F10 Each share of Class B Common Stock is convertible at the option of the Reporting Person into one share of Class A Common Stock and has no expiration date. Each share of Class B Common Stock held by the Reporting Person will automatically convert into one share of Class A Common Stock upon (a) other than Eric S. Yuan, the death of the Reporting Person, or (b) any transfer by the Reporting Person except certain "Permitted Transfers" described in the Issuer's certificate of incorporation. All outstanding shares of Class B Common Stock will convert into shares of Class A Common Stock upon the earliest of (i) six months following the death or incapacity of Mr. Yuan, (ii) six months following the date that Mr. Yuan ceases providing services to the Issuer, (iii) the date specified by the holders of a majority of the shares of Class B Common Stock, and (iv) the 15-year anniversary of the closing of the Issuer's initial public offering.
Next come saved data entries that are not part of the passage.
lemma eigenvalue_diag_conj:
  assumes u: "unitary W" and ev: "(W ** rdiag l ** cadj W) *v v = z *s v" and "v \<noteq> 0"
  obtains j where "z = of_real (l j)"
proof -
  define y where "y = cadj W *v v"
  have "W *v y = v" using u by (simp add: y_def matrix_vector_mul_assoc unitary_def)
  then have "y \<noteq> 0" using \<open>v \<noteq> 0\<close> by auto
  then obtain j where yj: "y $ j \<noteq> 0" by (auto simp: vec_eq_iff)
  have "cadj W ** (W ** rdiag l ** cadj W) = rdiag l ** cadj W"
    using u by (simp add: unitary_def matrix_mul_assoc)
  then have "rdiag l *v y = z *s y"
    using arg_cong[OF ev, of "\<lambda>x. cadj W *v x"]
    by (simp add: y_def matrix_vector_mul_assoc vector_scalar_commute)
  then have "of_real (l j) * y $ j = z * y $ j" by (metis rdiag_mult_vector_nth vector_smult_component)
  with yj that show thesis by auto
qed

subsection \<open>States, the regularizer and its conjugate\<close>

lemma spectraplex_diagonalization:
  assumes X: "X \<in> spectraplex"
  obtains U l where "unitary U" "X = U ** rdiag l ** cadj U" "hreg \<theta> X = (\<Sum>k\<in>UNIV. \<theta> (l k))"
    "\<And>k. 0 \<le> l k \<and> l k \<le> 1" "(\<Sum>k\<in>UNIV. l k) = 1"
proof -
  have psd: "psd X" and tr: "ctrace X = 1" using X by (auto simp: spectraplex_def)
  then have "\<exists>B. \<exists>U l. unitary U \<and> X = U ** rdiag l ** cadj U \<and> B = U ** rdiag (\<theta> \<circ> l) ** cadj U"
    using hermitian_unitary_diagonalization by (metis psd_def)
  then have "\<exists>U l. unitary U \<and> X = U ** rdiag l ** cadj U \<and> matfun \<theta> X = U ** rdiag (\<theta> \<circ> l) ** cadj U"
    unfolding matfun_def by (rule someI_ex)
  then obtain U l where u: "unitary U" and X_eq: "X = U ** rdiag l ** cadj U"
    and f_eq: "matfun \<theta> X = U ** rdiag (\<theta> \<circ> l) ** cadj U" by blast
  have l_nonneg: "0 \<le> l k" for k
  proof -
    have "0 \<le> Re (cquad X (column k U))" using psd by (simp add: psd_def)
    then show ?thesis by (simp add: X_eq cquad_diag_conj_column[OF u])
  qed
  have l_sum: "(\<Sum>k\<in>UNIV. l k) = 1"
    using ctrace_diag_conj[OF u, of l] X_eq tr of_real_eq_1_iff by metis
  have "l k \<le> 1" for k
    using member_le_sum[of k UNIV l] l_nonneg l_sum by simp
  moreover have "hreg \<theta> X = (\<Sum>k\<in>UNIV. \<theta> (l k))"
    by (simp add: hreg_def f_eq ctrace_diag_conj[OF u])
  ultimately show thesis using that u X_eq l_nonneg l_sum by blast
qed

definition rank1 :: "complex^'n::finite \<Rightarrow> complex^'n^'n" where
  "rank1 u = (\<chi> i j. u $ i * cnj (u $ j))"

lemma rank1_in_spectraplex: "norm u = 1 \<Longrightarrow> rank1 u \<in> spectraplex"
proof -
  assume "norm u = 1"
  then have "ctrace (rank1 u) = 1"
    using cinner_self_eq_1_iff[of u] by (simp add: ctrace_def rank1_def cinner_def mult.commute)
  moreover have "cquad (rank1 u) x = cnj (cinner u x) * cinner u x" for x
    by (simp add: cquad_def rank1_def cinner_def cnj_sum sum_distrib_left sum_distrib_right ac_simps)
      (rule sum.swap)
  ultimately show ?thesis
    by (simp add: spectraplex_def psd_def hermitian_def cadj_def rank1_def vec_eq_iff mult.commute)
qed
F11 The shares subject to the option vest in monthly installments as follows: approximately 1,577 shares vested on October 24, 2018 and approximately 1,577 vested on the 24th day of each month thereafter through and including December 24, 2018, approximately 8,207 shares vested on January 24, 2019 and approximately 8,207 shares vest on the 24th day of each month thereafter through and including December 24, 2021 and approximately 7,472 shares vest on the 24th day of each month thereafter through and including September 24, 2022. The shares subject to this option are early exercisable, subject to the Issuer's right to repurchase.
F12 The end of period holdings have been corrected by one share. On December 16, 2021, 80,529 Class B shares were reported as disposed. The correct amount of Class B shares disposed on December 16, 2021 was 80,528.